> _TASK GOAL_: From the entries below, list each line with "Hilbert".

> _RECORD SET_:
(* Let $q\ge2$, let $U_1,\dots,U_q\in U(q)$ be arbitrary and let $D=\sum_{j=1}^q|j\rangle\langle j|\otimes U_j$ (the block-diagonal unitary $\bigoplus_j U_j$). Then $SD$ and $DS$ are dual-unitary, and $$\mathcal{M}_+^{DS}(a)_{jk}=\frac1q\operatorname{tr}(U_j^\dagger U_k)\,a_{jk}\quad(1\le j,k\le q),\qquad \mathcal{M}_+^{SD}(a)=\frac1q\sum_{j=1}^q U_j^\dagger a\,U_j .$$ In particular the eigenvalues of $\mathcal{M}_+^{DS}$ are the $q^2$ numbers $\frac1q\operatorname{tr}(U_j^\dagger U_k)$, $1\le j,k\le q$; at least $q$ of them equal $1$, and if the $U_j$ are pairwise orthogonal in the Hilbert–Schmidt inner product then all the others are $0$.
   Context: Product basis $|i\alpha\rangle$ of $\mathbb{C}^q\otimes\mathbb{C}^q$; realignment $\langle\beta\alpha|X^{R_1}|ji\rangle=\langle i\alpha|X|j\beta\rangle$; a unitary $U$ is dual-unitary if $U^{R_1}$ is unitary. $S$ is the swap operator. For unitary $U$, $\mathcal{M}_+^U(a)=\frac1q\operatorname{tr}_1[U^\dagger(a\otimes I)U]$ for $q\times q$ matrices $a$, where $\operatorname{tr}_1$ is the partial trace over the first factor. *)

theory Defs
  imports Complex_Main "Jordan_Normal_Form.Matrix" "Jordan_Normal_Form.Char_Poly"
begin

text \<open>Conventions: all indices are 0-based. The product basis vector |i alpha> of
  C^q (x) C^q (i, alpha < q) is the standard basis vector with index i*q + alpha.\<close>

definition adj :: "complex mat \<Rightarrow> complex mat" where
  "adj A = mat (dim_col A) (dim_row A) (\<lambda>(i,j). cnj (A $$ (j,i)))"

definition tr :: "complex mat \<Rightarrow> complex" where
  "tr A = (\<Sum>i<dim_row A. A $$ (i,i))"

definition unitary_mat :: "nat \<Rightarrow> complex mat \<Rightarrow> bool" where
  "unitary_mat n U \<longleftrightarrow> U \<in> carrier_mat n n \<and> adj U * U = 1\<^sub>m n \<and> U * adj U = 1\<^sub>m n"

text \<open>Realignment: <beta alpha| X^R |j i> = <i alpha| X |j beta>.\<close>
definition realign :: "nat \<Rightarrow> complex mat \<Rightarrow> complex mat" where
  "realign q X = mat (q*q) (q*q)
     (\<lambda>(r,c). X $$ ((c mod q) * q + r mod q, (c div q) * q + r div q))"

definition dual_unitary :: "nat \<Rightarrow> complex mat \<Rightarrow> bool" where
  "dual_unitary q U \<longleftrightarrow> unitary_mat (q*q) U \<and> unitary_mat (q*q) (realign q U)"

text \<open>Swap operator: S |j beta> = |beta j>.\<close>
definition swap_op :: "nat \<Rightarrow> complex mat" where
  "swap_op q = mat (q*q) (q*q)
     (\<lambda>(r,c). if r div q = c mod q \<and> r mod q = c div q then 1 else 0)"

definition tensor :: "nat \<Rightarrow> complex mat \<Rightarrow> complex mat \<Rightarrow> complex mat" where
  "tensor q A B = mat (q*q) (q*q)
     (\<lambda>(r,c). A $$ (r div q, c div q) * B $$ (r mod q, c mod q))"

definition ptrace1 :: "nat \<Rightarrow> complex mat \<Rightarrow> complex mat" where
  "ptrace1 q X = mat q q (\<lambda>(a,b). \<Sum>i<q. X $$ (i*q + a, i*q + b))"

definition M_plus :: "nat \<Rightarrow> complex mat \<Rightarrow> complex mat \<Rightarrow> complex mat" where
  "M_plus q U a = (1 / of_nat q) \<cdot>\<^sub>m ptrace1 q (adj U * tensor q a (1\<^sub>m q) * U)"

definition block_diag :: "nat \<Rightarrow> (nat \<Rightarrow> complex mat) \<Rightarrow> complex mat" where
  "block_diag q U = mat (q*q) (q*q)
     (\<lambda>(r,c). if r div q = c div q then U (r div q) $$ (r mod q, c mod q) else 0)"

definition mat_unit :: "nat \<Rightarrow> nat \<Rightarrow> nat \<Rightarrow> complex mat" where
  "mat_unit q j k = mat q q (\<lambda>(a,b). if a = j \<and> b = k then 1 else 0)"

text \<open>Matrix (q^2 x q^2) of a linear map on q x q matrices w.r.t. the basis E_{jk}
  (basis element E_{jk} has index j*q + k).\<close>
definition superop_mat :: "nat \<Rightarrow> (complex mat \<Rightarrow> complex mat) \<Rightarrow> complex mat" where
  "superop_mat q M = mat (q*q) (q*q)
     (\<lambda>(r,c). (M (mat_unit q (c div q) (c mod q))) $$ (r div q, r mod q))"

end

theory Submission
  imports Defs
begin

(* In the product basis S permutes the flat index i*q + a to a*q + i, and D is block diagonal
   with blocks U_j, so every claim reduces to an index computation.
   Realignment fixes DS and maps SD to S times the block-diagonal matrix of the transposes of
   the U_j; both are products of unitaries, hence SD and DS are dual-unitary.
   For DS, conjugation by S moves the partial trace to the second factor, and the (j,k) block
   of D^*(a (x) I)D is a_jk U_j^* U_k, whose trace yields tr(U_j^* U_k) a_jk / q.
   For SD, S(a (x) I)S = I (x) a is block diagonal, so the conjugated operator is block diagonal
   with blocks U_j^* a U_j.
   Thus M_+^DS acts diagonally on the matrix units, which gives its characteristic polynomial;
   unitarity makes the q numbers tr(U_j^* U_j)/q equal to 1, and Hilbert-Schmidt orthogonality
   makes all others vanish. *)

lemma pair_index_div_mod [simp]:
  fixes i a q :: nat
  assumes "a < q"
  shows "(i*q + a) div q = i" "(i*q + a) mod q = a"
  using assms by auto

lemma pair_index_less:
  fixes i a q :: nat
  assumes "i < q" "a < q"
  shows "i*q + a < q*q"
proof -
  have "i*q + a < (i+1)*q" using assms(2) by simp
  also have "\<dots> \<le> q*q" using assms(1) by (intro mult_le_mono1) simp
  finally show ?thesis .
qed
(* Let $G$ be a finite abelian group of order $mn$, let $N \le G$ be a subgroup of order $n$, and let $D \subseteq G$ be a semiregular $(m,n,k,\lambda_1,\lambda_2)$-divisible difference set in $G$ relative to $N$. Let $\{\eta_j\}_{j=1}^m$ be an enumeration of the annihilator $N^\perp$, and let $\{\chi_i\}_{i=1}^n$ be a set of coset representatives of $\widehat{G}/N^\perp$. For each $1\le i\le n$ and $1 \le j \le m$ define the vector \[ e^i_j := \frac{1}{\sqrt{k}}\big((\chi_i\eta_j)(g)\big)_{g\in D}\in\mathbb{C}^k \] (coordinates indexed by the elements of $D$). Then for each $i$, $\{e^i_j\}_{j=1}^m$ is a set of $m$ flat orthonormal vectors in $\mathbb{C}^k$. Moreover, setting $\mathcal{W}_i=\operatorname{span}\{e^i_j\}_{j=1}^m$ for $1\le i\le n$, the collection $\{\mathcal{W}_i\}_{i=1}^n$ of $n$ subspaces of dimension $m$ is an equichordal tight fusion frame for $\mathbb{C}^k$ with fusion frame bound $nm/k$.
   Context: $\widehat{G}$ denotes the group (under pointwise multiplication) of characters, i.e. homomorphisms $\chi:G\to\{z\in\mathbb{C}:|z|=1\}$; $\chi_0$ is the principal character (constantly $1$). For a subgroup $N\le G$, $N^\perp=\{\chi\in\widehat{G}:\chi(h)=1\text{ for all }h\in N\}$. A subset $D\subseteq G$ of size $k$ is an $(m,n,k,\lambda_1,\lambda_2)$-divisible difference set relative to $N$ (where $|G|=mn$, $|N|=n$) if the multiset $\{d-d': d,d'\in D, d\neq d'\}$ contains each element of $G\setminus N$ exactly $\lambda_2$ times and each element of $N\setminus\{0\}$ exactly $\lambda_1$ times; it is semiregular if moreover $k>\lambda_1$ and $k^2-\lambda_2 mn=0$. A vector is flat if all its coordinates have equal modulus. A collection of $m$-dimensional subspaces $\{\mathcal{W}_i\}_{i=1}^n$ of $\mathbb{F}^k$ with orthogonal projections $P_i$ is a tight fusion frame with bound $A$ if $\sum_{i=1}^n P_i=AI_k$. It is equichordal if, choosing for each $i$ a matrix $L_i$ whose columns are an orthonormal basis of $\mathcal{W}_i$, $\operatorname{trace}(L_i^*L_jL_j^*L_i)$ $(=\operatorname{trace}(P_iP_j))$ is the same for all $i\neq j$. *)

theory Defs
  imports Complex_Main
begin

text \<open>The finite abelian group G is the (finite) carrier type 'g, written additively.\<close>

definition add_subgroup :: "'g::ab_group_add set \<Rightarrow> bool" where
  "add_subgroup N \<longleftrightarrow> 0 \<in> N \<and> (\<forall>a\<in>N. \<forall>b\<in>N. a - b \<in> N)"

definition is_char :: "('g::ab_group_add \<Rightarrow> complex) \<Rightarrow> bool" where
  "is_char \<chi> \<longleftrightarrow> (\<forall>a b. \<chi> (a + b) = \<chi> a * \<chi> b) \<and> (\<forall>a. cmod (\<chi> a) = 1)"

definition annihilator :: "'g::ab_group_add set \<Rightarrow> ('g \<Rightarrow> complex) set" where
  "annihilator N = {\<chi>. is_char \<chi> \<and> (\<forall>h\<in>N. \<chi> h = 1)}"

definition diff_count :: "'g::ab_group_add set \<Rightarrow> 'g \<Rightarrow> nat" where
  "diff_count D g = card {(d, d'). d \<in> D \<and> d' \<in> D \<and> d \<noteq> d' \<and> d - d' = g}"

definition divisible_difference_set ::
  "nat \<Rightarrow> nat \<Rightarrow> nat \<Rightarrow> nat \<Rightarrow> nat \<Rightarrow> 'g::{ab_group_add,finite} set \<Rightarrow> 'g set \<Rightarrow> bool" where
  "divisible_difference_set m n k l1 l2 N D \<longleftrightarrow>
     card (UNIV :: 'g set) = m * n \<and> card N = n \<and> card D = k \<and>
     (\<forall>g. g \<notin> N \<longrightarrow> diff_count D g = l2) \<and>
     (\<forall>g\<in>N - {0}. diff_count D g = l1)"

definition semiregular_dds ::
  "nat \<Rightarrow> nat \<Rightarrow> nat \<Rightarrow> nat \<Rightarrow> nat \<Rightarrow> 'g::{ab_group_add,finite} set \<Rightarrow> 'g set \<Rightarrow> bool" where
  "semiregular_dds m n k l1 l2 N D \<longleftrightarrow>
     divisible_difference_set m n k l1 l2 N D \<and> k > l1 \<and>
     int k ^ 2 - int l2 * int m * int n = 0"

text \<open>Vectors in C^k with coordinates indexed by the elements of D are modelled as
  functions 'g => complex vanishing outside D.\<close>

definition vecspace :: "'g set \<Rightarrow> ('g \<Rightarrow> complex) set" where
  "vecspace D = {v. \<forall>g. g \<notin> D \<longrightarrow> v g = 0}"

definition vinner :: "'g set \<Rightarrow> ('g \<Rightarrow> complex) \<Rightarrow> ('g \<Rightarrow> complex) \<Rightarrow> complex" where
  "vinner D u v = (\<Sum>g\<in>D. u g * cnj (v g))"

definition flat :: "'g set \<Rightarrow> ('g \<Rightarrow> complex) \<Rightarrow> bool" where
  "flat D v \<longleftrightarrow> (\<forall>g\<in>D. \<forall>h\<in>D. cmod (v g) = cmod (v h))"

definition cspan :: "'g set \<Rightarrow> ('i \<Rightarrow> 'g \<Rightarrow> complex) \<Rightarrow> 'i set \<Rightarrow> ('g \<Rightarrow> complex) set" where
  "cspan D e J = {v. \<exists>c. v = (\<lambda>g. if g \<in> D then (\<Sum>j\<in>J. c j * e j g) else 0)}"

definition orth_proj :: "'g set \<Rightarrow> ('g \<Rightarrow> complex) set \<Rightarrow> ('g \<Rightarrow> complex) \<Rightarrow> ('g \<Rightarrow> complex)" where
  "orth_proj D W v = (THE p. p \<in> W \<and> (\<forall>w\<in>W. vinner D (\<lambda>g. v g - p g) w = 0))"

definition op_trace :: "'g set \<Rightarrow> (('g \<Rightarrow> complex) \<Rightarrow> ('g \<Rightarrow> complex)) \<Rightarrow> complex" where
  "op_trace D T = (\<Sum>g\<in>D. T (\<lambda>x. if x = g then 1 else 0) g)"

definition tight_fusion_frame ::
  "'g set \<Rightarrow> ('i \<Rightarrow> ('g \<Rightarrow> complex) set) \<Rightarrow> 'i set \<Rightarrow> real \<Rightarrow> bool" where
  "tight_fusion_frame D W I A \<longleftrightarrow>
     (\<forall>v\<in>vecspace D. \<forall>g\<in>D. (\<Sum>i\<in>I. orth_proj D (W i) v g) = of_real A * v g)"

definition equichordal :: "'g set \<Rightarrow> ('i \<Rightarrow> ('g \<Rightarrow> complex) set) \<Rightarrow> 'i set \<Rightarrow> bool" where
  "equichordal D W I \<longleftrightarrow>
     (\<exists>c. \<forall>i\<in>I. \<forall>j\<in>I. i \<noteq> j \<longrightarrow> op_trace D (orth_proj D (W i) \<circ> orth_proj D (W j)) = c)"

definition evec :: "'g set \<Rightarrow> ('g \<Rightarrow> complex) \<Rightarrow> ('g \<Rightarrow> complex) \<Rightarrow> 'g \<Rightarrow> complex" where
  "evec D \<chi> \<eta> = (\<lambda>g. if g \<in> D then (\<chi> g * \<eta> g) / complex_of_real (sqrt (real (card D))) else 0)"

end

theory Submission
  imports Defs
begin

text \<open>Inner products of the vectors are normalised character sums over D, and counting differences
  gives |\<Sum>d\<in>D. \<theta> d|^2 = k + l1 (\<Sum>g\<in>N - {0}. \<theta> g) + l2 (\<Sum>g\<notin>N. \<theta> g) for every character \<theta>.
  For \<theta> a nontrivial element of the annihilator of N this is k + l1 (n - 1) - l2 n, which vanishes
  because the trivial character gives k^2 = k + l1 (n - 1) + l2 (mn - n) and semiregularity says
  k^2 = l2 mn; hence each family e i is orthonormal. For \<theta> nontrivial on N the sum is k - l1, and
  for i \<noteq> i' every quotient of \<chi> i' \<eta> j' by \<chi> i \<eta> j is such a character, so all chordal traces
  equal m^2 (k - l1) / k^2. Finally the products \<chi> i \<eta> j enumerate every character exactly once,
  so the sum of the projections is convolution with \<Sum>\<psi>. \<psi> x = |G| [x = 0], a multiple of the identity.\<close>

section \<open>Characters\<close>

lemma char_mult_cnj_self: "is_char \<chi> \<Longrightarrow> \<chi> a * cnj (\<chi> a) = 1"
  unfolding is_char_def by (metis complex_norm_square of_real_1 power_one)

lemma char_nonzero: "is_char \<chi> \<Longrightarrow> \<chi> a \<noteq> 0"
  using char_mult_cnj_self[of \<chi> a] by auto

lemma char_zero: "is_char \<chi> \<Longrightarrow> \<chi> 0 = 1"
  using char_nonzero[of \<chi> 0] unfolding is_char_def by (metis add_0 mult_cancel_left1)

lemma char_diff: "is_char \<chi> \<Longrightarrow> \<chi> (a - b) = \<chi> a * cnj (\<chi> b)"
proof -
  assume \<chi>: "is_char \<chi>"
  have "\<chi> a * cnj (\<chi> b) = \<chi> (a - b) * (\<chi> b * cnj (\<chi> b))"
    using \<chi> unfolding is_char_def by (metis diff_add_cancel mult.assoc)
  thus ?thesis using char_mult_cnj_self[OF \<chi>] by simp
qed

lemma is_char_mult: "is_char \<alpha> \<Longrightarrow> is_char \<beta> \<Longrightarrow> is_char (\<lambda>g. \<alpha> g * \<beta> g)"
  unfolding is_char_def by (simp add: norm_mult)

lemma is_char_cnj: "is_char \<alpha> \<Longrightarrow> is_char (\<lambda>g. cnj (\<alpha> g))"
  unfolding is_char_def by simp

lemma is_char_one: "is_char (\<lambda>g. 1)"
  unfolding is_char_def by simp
--
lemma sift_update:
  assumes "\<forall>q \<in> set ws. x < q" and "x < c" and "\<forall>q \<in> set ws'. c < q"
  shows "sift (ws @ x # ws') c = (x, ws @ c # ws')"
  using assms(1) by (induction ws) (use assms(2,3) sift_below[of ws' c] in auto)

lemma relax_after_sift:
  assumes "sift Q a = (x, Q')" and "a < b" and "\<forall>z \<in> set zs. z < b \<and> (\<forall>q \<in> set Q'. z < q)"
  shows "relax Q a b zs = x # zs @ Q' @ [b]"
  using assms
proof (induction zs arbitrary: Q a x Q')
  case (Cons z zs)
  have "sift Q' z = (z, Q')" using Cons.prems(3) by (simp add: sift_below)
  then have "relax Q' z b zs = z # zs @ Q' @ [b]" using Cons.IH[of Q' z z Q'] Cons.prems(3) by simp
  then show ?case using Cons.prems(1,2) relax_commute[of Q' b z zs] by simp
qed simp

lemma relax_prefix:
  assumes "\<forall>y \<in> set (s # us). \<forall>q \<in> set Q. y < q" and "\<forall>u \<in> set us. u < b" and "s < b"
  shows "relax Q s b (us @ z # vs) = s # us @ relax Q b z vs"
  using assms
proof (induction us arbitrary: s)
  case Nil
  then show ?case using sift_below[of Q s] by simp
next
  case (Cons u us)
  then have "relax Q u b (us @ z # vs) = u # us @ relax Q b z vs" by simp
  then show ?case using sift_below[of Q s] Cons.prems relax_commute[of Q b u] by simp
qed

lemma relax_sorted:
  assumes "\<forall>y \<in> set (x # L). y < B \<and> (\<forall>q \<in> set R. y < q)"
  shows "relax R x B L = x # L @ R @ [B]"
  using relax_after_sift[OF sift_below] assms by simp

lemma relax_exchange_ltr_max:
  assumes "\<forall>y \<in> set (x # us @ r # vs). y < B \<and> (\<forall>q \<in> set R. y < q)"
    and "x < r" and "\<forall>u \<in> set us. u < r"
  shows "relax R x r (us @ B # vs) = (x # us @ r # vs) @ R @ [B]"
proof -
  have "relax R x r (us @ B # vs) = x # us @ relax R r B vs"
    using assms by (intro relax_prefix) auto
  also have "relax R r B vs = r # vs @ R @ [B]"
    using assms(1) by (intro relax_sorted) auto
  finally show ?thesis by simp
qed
* * *
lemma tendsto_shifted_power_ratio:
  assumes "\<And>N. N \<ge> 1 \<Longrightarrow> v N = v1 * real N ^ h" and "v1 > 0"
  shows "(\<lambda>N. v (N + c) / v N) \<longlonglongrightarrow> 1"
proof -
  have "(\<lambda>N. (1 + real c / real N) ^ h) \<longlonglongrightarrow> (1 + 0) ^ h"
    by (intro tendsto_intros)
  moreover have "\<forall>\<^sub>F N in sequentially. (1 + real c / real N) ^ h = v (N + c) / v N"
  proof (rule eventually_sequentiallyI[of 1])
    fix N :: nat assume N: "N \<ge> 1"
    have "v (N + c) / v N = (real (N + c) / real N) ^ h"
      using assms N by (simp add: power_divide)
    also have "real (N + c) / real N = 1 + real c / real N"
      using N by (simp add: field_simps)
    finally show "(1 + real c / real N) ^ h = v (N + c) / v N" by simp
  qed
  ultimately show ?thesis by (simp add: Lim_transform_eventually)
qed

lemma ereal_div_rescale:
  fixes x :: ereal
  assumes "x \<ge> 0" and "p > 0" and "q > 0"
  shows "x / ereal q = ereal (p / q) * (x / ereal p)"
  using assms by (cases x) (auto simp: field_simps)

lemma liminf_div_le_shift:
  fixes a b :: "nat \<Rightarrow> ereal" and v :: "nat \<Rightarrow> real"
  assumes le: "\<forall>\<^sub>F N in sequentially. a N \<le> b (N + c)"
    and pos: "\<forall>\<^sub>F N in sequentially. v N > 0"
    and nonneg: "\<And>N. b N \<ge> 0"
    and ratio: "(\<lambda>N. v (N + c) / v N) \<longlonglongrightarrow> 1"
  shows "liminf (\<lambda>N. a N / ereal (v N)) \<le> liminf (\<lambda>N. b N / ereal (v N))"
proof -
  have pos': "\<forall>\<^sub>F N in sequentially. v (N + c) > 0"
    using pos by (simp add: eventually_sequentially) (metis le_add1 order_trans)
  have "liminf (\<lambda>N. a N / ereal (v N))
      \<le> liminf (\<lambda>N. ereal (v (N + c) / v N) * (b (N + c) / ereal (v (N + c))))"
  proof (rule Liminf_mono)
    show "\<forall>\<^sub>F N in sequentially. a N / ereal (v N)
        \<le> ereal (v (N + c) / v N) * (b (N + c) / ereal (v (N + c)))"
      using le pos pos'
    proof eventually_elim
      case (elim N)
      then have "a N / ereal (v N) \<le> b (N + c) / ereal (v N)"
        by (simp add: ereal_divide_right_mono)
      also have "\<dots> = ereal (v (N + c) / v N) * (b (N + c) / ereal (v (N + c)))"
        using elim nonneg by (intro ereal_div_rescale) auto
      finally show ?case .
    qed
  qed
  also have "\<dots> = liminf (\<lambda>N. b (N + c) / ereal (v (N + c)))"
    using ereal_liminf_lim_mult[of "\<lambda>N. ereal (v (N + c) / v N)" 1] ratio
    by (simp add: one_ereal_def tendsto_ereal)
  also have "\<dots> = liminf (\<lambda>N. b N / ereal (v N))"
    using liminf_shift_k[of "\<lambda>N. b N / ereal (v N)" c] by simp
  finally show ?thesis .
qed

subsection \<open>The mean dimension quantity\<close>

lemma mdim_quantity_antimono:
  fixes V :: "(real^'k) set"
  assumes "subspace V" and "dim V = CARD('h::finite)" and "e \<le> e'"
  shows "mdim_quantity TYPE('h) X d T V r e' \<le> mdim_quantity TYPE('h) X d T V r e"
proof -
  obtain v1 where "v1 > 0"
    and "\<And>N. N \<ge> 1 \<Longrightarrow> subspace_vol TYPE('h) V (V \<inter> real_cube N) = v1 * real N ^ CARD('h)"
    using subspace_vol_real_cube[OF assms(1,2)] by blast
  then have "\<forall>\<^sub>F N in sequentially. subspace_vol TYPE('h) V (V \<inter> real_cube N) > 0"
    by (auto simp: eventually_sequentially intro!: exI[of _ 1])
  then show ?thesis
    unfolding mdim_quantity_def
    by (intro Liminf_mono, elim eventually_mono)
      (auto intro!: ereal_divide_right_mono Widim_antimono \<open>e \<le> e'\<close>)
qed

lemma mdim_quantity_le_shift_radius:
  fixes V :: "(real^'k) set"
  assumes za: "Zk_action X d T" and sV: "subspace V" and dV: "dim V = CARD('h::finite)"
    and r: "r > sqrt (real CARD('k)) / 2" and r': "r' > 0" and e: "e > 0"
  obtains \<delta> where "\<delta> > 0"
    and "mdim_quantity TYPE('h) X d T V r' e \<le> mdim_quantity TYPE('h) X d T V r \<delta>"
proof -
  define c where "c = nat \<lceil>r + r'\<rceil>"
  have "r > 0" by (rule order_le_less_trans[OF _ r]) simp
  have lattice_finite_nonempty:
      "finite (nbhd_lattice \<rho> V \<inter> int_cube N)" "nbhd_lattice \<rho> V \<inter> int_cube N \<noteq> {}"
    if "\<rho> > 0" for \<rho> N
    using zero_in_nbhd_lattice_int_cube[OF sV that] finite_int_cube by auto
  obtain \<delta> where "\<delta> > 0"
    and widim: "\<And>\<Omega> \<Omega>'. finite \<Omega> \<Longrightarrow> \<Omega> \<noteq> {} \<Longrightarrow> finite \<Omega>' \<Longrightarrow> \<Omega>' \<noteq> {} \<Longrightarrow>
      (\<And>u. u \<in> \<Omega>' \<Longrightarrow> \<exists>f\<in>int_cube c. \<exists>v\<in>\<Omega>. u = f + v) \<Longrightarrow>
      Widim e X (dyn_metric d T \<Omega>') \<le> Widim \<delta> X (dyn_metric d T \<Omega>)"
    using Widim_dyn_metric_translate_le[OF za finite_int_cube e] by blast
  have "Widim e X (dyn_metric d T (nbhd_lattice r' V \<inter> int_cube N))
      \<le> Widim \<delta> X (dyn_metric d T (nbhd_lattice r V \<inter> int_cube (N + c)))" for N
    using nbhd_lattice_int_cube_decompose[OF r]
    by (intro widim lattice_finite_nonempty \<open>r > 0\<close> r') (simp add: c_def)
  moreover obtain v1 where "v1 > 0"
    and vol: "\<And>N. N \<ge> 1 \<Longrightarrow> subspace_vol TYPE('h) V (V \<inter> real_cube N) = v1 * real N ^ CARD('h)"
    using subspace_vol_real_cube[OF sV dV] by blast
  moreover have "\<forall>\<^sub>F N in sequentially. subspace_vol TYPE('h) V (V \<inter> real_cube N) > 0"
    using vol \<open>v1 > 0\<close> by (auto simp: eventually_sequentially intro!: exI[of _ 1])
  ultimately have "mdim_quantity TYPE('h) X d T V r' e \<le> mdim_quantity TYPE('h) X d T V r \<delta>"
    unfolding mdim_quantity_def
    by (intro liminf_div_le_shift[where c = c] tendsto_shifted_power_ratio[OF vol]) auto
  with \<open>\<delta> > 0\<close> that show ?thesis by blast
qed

> _REPLY TO THE EXERCISE_:
(* Let $q\ge2$, let $U_1,\dots,U_q\in U(q)$ be arbitrary and let $D=\sum_{j=1}^q|j\rangle\langle j|\otimes U_j$ (the block-diagonal unitary $\bigoplus_j U_j$). Then $SD$ and $DS$ are dual-unitary, and $$\mathcal{M}_+^{DS}(a)_{jk}=\frac1q\operatorname{tr}(U_j^\dagger U_k)\,a_{jk}\quad(1\le j,k\le q),\qquad \mathcal{M}_+^{SD}(a)=\frac1q\sum_{j=1}^q U_j^\dagger a\,U_j .$$ In particular the eigenvalues of $\mathcal{M}_+^{DS}$ are the $q^2$ numbers $\frac1q\operatorname{tr}(U_j^\dagger U_k)$, $1\le j,k\le q$; at least $q$ of them equal $1$, and if the $U_j$ are pairwise orthogonal in the Hilbert–Schmidt inner product then all the others are $0$.
   unitarity makes the q numbers tr(U_j^* U_j)/q equal to 1, and Hilbert-Schmidt orthogonality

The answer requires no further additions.